I'm giving a fuller transcription than is necessary for philological purposes, in order to warn the country folks among you of the wiles of city folk.
Pigeon Plucking. -- A few days since a tall, raw, sun burnt young fellow from the country came down the North River with a cargo of lumber, which he disposed of in this city to a good advantage, and feeling quite elated in contemplating his more than anticipated profits, he resolved that it should not be said on his return home, that he came to York for nothing. With this laudable determination he visited the large serpent, the mammoth bones, and the wax soldiers in Broadway. He paraded the grand walk in Niblo's Garden, and swore "by golly that beat all." His next visit was to Scudder's Museum, where he had the fortune to meet one of the most civil gentlemen imaginable -- one who seemed quite interested in his appearance; pointed out the curiosities to him; anxiously offered his advice as to the disposal of the proceeds of the lumber, and finally insisted upon treating the young stranger to some liquor. The latter could not resist the flattering invitation, and h!
e ws so
on in that situation designated by the title of "half seas over." In this state the stranger was brought by his city friend to a house in a dark alley where a company was engaged in playing cards. It was insisted that he should play, but this he refused. . . .
In a short time after he refused to play, an amusement called "Slating," or "Crowning." was introduced. This game, it appears, is carried on by knocking the hats worn in the company over the eyes of the wearer.
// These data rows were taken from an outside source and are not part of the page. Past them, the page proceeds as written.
lemma clip_quantile_mean_bias_le:
  fixes g :: "'b::{banach, second_countable_topology}"
  assumes e: "integrable M e" "expectation e = 0"
    and mom: "integrable M (\<lambda>\<omega>. norm (e \<omega>) powr q)" "(\<integral>\<omega>. norm (e \<omega>) powr q \<partial>M) \<le> C powr q"
    and qC: "1 < q" "0 < C" and p: "0 < p" "p < 1"
  defines "\<tau> \<equiv> quantile M (\<lambda>\<omega>. norm (g + e \<omega>)) p"
  shows "norm ((\<integral>\<omega>. clip \<tau> (g + e \<omega>) \<partial>M) - (\<integral>\<omega>. clip_factor \<tau> (g + e \<omega>) \<partial>M) *\<^sub>R g)
           \<le> (1 - p) powr (1 - 1/q) * C"
proof -
  have [measurable]: "e \<in> borel_measurable M" using e by simp
  have norm_G: "(\<lambda>\<omega>. norm (g + e \<omega>)) \<in> borel_measurable M" by measurable
  have "norm ((\<integral>\<omega>. clip \<tau> (g + e \<omega>) \<partial>M) - (\<integral>\<omega>. clip_factor \<tau> (g + e \<omega>) \<partial>M) *\<^sub>R g)
          \<le> (\<integral>\<omega>. indicator {\<omega> \<in> space M. \<tau> < norm (g + e \<omega>)} \<omega> * norm (e \<omega>) \<partial>M)"
    using quantile_nonneg[OF norm_G p] by (intro clip_mean_bias_le e) (simp add: \<tau>_def)
  also have "\<dots> \<le> (1 - p) powr (1 - 1/q) * C"
    using prob_quantile_less_le[OF norm_G p] p
    by (intro integral_indicator_mult_le_moment[OF _ norm_ge_zero mom qC]) (simp_all add: \<tau>_def)
  finally show ?thesis .
qed

lemma clip_variance_le:
  fixes g :: "'b::euclidean_space"
  assumes e_meas[measurable]: "e \<in> borel_measurable M"
    and e_sq: "integrable M (\<lambda>\<omega>. (norm (e \<omega>))\<^sup>2)" and \<tau>: "0 \<le> \<tau>"
  shows "(\<integral>\<omega>. (norm (clip \<tau> (g + e \<omega>) - (\<integral>v. clip \<tau> (g + e v) \<partial>M)))\<^sup>2 \<partial>M)
           \<le> (\<integral>\<omega>. (norm (e \<omega>))\<^sup>2 \<partial>M)"
proof -
  define V where "V = (\<lambda>\<omega>. clip \<tau> (g + e \<omega>))"
  have [measurable]: "V \<in> borel_measurable M"
    unfolding V_def clip_def clip_factor_def by measurable
  have "norm (V \<omega>) \<le> \<tau>" for \<omega>
    using \<tau> by (simp add: V_def norm_clip_le)
  then have V_int: "integrable M V"
    by (intro integrable_const_bound[where B=\<tau>]) auto
  have le: "(norm (V \<omega> - clip \<tau> g))\<^sup>2 \<le> (norm (e \<omega>))\<^sup>2" for \<omega>
    using norm_clip_diff_le[OF \<tau>, of "g + e \<omega>" g] by (simp add: V_def power_mono)
  have Vc_int: "integrable M (\<lambda>\<omega>. (norm (V \<omega> - clip \<tau> g))\<^sup>2)"
    by (rule Bochner_Integration.integrable_bound[OF e_sq]) (use le in auto)
  have "(\<integral>\<omega>. (norm (V \<omega> - expectation V))\<^sup>2 \<partial>M) \<le> (\<integral>\<omega>. (norm (V \<omega> - clip \<tau> g))\<^sup>2 \<partial>M)"
    by (rule integral_norm_diff_mean_sq_le[OF V_int Vc_int])
  also have "\<dots> \<le> (\<integral>\<omega>. (norm (e \<omega>))\<^sup>2 \<partial>M)"
    by (rule integral_mono[OF Vc_int e_sq le])
  finally show ?thesis by (simp add: V_def)
qed

end

theorem lemma2:
  fixes M :: "'w measure"
    and L :: "real^'d \<Rightarrow> real" and gradL :: "real^'d \<Rightarrow> real^'d"
    and \<epsilon> :: "real^'d \<Rightarrow> 'w \<Rightarrow> real^'d"
    and \<theta> \<theta>star :: "real^'d"
    and \<delta> q Aq Bq p :: real
  assumes M: "prob_space M"
    and L_diff: "\<And>x. GDERIV L x :> gradL x"
    and minimizer: "\<And>x. L \<theta>star \<le> L x"
    (* (A4) *)
    and eps_meas: "\<And>t. \<epsilon> t \<in> borel_measurable M"
    and eps_mean: "\<And>t. integrable M (\<epsilon> t) \<and> integral\<^sup>L M (\<epsilon> t) = 0"
    and \<delta>: "0 < \<delta>" "\<delta> \<le> 1"
    and A4_mix: "\<exists>h \<nu>2 \<kappa>.
          (\<forall>R>0. \<kappa> R > (0::real)) \<and>
          (\<forall>t. (\<forall>\<omega>. 0 \<le> h t \<omega>) \<and> h t \<in> borel_measurable lborel
             \<and> prob_space (density lborel (\<lambda>\<omega>. ennreal (h t \<omega>)))
             \<and> (\<forall>R>0. \<kappa> R < (INF \<omega>\<in>cball 0 R. h t \<omega>))
             \<and> prob_space (\<nu>2 t) \<and> sets (\<nu>2 t) = sets borel
             \<and> (\<forall>A \<in> sets borel.
                  measure M {w \<in> space M. \<epsilon> t w \<in> A}
                  = \<delta> * measure (density lborel (\<lambda>\<omega>. ennreal (h t \<omega>))) A
                    + (1 - \<delta>) * measure (\<nu>2 t) A))"
    (* (A5) *)
    and q: "q > 1" and AB: "Aq > 0" "Bq > 0"
    and A5: "\<And>t. (\<integral>\<^sup>+ w. ennreal (norm (\<epsilon> t w) powr q) \<partial>M)
                   \<le> ennreal ((Aq * norm (t - \<theta>star) + Bq) powr q)"
    and p: "0 < p" "p < 1"
  defines "G \<equiv> (\<lambda>w. gradL \<theta> + \<epsilon> \<theta> w)"
    and "\<tau> \<equiv> quantile M (\<lambda>w. norm (gradL \<theta> + \<epsilon> \<theta> w)) p"
    and "\<alpha> \<equiv> (\<lambda>w. clip_factor (quantile M (\<lambda>w. norm (gradL \<theta> + \<epsilon> \<theta> w)) p) (gradL \<theta> + \<epsilon> \<theta> w))"
    and "C \<equiv> Aq * norm (\<theta> - \<theta>star) + Bq"
  shows "norm ((\<integral>w. \<alpha> w *\<^sub>R G w \<partial>M) - (integral\<^sup>L M \<alpha>) *\<^sub>R gradL \<theta>)
             \<le> (1 - p) powr (1 - 1 / q) * C
         \<and> \<tau> \<le> norm (gradL \<theta>) + quantile M (\<lambda>w. norm (\<epsilon> \<theta> w)) p
         \<and> norm (gradL \<theta>) + quantile M (\<lambda>w. norm (\<epsilon> \<theta> w)) p
             \<le> norm (gradL \<theta>) + (1 - p) powr (- 1 / q) * C
         \<and> (q \<ge> 2 \<longrightarrow>
             (\<integral>w. (norm (\<alpha> w *\<^sub>R G w - (\<integral>v. \<alpha> v *\<^sub>R G v \<partial>M)))\<^sup>2 \<partial>M)
               \<le> C\<^sup>2 + 5 * (1 - p) * \<tau>\<^sup>2)"
proof -
  \<comment> \<open>only the zero mean of the noise and its moment bound (A5) are used\<close>
  interpret prob_space M by (rule M)
  define g where "g = gradL \<theta>"
  define e where "e = \<epsilon> \<theta>"
  have e_meas[measurable]: "e \<in> borel_measurable M" using eps_meas by (simp add: e_def)
  have e: "integrable M e" "expectation e = 0" using eps_mean[of \<theta>] by (simp_all add: e_def)
  have C: "0 < C" unfolding C_def using AB by (simp add: add_nonneg_pos)
  have moment_meas: "(\<lambda>w. norm (e w) powr q) \<in> borel_measurable M" by measurable
  have moment_bound: "(\<integral>\<^sup>+w. ennreal (norm (e w) powr q) \<partial>M) \<le> ennreal (C powr q)"
    using A5[of \<theta>] by (simp only: e_def C_def)
  note mom = integrable_integral_le_of_nn_integral_le[OF moment_meas powr_ge_zero moment_bound powr_ge_zero]
  have \<tau>: "\<tau> = quantile M (\<lambda>w. norm (g + e w)) p" by (simp add: \<tau>_def g_def e_def)
  have \<alpha>: "\<alpha> = (\<lambda>w. clip_factor \<tau> (g + e w))" unfolding \<alpha>_def \<tau> g_def e_def ..
  have clip: "\<alpha> w *\<^sub>R G w = clip \<tau> (g + e w)" for w unfolding \<alpha> G_def clip_def g_def e_def ..
  have "norm ((\<integral>w. \<alpha> w *\<^sub>R G w \<partial>M) - (integral\<^sup>L M \<alpha>) *\<^sub>R g) \<le> (1 - p) powr (1 - 1 / q) * C"
    unfolding clip unfolding \<alpha> \<tau> by (rule clip_quantile_mean_bias_le[OF e mom q C p])
  moreover have "\<tau> \<le> norm g + quantile M (\<lambda>w. norm (e w)) p"
    unfolding \<tau> by (rule quantile_le_add) (auto intro: norm_triangle_ineq p)
  moreover have "quantile M (\<lambda>w. norm (e w)) p \<le> (1 - p) powr (- 1 / q) * C"
    by (rule quantile_le_moment[OF _ norm_ge_zero mom _ C p]) (use q in simp_all)
  moreover have "(\<integral>w. (norm (\<alpha> w *\<^sub>R G w - (\<integral>v. \<alpha> v *\<^sub>R G v \<partial>M)))\<^sup>2 \<partial>M) \<le> C\<^sup>2" if "2 \<le> q"
  proof -
    have "(\<lambda>w. norm (e w)) \<in> borel_measurable M" by measurable
    note moment2 = integral_power2_le_moment[OF this norm_ge_zero mom that C]
    have "0 \<le> \<tau>" unfolding \<tau> by (rule quantile_nonneg) (use p in simp_all)
    from clip_variance_le[OF e_meas moment2(1) this] moment2(2) show ?thesis
      unfolding clip by (rule order_trans)
  qed
  ultimately show ?thesis
    using p unfolding g_def e_def by (simp add: add_increasing2)
qed

end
Some time after this had commenced, the young lumber merchant was found leaning against the iron rails before St. Paul's Church -- his pocket book, which contained $250 when he went into the Museum, was gone. There is no doubt that the pocket book was stolen in the gambling room -- but the plucked pigeon is entirely ignorant of the location of the house into which he was brought.
Morning Courier & New-York Enquirer, August 6, 1831, p. 2, col. 3
George A. Thompson
Author of A Documentary History of "The African Theatre", Northwestern Univ. Pr., 1998, but nothing much lately.